_About this exercise_: With the records below as your source, retype each line exactly from the top down to the line that contains "VH * card (insert", and include that line.

_Material provided_:

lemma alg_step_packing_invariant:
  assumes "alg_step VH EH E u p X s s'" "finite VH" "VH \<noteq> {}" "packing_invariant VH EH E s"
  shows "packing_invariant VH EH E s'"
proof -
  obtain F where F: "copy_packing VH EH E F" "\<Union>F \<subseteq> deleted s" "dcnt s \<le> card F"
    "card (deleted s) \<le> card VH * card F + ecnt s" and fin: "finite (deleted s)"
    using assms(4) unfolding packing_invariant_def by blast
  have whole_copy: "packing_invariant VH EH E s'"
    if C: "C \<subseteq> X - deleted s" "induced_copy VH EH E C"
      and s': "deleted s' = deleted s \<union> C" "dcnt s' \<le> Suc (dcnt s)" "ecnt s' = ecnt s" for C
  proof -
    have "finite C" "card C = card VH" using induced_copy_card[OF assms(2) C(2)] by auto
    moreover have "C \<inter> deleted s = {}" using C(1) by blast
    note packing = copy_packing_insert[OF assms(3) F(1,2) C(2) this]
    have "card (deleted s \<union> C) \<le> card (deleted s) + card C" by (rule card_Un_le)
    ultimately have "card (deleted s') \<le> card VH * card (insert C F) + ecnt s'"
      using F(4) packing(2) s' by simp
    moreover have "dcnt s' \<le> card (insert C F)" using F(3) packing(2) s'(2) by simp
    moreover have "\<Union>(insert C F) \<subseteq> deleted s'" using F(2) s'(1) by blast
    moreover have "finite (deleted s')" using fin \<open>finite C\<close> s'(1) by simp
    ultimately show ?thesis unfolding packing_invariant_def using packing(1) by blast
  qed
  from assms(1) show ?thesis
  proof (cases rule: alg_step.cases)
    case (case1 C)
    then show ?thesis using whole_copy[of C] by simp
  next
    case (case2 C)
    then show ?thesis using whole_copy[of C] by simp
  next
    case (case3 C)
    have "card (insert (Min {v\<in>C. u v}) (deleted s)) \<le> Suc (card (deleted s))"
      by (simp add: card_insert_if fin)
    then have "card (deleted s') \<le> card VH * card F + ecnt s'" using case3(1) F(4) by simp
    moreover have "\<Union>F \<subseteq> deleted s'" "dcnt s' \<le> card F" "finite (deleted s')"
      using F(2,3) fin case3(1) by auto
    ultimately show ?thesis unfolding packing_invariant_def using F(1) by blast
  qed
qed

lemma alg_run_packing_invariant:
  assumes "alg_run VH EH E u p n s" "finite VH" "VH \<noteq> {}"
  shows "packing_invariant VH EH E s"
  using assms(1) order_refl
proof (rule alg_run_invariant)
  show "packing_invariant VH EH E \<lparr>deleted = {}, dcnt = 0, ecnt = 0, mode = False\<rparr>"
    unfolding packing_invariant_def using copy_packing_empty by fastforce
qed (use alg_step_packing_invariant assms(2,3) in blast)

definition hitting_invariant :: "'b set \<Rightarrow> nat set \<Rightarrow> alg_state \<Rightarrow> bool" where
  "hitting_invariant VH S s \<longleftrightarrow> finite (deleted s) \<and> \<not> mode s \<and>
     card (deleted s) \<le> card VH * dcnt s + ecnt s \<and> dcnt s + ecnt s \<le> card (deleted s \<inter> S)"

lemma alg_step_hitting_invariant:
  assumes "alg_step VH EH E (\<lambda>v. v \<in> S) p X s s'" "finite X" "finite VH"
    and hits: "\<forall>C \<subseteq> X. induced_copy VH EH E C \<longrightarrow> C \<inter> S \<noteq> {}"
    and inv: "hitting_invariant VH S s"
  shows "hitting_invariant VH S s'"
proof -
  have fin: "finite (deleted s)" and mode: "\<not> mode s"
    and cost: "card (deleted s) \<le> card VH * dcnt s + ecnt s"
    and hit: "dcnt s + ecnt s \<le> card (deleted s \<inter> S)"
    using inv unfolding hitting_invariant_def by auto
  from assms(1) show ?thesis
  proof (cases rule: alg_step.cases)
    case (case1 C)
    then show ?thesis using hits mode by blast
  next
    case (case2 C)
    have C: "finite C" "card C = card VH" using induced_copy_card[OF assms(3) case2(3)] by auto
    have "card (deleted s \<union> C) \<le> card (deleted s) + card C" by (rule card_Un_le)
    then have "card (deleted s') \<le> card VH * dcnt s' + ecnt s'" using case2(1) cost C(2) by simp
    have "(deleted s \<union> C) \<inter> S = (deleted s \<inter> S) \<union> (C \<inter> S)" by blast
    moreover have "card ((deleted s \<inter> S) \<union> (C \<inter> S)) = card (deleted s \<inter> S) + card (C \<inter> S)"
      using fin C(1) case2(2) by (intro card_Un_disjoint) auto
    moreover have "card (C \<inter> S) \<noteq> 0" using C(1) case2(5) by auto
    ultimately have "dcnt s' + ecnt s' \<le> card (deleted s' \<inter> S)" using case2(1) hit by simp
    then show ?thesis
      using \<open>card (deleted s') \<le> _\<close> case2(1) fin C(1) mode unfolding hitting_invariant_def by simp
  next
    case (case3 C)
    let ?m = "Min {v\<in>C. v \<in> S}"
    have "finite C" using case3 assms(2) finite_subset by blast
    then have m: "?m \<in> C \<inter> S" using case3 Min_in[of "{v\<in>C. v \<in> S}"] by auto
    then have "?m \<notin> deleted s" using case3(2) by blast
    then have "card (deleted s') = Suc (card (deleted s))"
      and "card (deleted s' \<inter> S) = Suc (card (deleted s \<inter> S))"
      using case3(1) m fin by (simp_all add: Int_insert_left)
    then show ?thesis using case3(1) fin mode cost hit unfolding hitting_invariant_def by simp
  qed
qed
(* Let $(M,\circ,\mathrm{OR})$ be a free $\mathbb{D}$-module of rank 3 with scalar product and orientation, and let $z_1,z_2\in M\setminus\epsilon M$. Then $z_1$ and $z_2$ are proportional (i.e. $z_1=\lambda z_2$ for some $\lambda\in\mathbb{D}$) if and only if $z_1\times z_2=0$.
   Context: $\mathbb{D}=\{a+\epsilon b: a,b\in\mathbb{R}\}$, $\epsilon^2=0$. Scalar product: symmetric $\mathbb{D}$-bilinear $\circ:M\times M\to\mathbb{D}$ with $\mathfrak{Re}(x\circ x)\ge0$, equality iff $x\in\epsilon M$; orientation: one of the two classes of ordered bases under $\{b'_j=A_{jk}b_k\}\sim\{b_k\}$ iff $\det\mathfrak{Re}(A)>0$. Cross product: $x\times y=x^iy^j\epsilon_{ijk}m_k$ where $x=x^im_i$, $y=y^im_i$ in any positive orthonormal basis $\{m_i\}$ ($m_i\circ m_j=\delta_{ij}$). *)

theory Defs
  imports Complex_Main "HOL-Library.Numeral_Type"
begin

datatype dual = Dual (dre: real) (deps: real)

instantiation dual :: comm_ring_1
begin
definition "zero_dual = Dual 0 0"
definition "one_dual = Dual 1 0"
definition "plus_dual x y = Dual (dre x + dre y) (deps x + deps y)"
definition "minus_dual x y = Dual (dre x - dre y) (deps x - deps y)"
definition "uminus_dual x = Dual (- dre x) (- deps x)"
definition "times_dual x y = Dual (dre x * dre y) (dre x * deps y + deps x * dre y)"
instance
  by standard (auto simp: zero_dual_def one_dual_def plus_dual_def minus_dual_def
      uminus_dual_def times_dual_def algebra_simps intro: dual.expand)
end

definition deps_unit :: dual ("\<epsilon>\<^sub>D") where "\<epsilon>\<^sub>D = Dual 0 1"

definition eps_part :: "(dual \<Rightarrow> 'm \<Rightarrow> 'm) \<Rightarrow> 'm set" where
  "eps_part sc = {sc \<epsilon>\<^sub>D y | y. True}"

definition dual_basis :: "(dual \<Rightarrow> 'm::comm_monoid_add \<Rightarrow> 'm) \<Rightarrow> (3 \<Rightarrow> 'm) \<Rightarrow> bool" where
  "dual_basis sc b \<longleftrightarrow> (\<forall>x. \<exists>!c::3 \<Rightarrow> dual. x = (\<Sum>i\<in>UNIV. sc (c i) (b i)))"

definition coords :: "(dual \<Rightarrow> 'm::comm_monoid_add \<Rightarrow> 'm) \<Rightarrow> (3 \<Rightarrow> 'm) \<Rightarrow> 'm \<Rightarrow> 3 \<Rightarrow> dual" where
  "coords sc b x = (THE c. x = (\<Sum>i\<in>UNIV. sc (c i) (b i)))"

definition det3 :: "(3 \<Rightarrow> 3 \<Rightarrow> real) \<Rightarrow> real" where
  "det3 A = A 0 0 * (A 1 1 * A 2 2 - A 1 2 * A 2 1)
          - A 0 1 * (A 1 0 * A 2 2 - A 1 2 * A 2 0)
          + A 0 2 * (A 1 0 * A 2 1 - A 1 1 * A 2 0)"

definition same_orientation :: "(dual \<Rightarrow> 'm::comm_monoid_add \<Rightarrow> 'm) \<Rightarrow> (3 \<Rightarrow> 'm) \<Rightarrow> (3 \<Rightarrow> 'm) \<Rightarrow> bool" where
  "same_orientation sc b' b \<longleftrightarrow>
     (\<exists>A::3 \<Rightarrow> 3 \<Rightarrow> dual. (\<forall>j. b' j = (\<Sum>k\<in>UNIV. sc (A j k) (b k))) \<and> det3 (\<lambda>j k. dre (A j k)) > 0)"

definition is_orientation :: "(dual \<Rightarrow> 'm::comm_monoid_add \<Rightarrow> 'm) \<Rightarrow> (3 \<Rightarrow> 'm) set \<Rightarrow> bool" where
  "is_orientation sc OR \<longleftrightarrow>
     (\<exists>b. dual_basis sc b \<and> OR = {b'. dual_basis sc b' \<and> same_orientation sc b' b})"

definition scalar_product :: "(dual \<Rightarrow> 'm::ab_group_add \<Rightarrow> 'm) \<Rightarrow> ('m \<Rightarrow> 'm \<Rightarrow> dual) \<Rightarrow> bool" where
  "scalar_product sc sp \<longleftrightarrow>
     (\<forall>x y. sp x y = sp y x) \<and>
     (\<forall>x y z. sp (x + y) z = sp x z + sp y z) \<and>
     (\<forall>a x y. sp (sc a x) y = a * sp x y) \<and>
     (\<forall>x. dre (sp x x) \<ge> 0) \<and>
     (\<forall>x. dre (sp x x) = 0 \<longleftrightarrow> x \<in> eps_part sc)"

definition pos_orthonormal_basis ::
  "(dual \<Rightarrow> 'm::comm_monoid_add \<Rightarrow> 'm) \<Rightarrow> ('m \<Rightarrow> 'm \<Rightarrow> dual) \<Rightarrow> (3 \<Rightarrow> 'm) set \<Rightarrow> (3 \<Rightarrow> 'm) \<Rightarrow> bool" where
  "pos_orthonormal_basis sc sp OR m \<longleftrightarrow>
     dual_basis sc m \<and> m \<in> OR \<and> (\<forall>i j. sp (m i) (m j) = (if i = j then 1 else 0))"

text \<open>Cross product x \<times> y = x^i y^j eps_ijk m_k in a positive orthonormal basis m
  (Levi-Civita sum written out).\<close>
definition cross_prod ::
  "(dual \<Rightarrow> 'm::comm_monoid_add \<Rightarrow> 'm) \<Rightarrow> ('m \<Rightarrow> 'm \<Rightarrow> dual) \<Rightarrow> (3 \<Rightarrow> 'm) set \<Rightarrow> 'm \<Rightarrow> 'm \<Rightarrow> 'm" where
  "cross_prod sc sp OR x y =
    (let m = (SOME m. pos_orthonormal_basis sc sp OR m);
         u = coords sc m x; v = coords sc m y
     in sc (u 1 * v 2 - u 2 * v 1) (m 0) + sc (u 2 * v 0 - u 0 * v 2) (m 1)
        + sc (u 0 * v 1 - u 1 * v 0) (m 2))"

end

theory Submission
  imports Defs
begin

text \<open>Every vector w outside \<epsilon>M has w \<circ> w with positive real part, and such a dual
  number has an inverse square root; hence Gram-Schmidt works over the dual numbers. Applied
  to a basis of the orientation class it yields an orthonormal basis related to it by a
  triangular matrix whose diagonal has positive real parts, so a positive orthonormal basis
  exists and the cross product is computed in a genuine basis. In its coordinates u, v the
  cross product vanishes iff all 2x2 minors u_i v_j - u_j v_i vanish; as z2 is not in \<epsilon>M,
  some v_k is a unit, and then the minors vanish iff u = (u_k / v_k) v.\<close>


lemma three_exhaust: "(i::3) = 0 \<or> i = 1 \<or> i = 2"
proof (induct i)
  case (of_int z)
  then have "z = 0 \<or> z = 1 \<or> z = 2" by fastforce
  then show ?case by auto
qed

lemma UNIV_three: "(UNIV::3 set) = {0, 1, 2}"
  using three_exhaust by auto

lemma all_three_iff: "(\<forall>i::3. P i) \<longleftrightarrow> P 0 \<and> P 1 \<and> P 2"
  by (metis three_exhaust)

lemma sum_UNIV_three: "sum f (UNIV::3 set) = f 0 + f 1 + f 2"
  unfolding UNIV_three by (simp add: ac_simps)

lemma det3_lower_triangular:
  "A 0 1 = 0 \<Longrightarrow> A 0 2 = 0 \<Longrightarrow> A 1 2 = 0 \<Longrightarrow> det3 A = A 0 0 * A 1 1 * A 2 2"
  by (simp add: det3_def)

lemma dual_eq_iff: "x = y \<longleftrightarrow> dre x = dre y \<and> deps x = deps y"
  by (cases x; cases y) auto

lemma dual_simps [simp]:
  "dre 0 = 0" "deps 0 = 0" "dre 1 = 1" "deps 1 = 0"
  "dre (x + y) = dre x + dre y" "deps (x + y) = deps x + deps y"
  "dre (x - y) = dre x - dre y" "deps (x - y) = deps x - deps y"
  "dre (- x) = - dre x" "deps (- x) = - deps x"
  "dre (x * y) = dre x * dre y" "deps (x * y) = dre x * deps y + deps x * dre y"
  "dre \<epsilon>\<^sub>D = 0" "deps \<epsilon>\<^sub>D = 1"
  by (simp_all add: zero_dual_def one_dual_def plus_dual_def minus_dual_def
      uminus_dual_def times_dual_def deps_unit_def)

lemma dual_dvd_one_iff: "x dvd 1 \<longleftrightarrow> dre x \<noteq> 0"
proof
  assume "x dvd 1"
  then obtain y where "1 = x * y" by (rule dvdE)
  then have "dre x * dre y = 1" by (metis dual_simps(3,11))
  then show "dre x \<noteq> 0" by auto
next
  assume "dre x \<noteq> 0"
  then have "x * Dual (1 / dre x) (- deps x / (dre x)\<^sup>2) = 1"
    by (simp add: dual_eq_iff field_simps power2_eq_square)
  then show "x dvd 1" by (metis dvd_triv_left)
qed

_Final answer_:
lemma alg_step_packing_invariant:
  assumes "alg_step VH EH E u p X s s'" "finite VH" "VH \<noteq> {}" "packing_invariant VH EH E s"
  shows "packing_invariant VH EH E s'"
proof -
  obtain F where F: "copy_packing VH EH E F" "\<Union>F \<subseteq> deleted s" "dcnt s \<le> card F"
    "card (deleted s) \<le> card VH * card F + ecnt s" and fin: "finite (deleted s)"
    using assms(4) unfolding packing_invariant_def by blast
  have whole_copy: "packing_invariant VH EH E s'"
    if C: "C \<subseteq> X - deleted s" "induced_copy VH EH E C"
      and s': "deleted s' = deleted s \<union> C" "dcnt s' \<le> Suc (dcnt s)" "ecnt s' = ecnt s" for C
  proof -
    have "finite C" "card C = card VH" using induced_copy_card[OF assms(2) C(2)] by auto
    moreover have "C \<inter> deleted s = {}" using C(1) by blast
    note packing = copy_packing_insert[OF assms(3) F(1,2) C(2) this]
    have "card (deleted s \<union> C) \<le> card (deleted s) + card C" by (rule card_Un_le)
    ultimately have "card (deleted s') \<le> card VH * card (insert C F) + ecnt s'"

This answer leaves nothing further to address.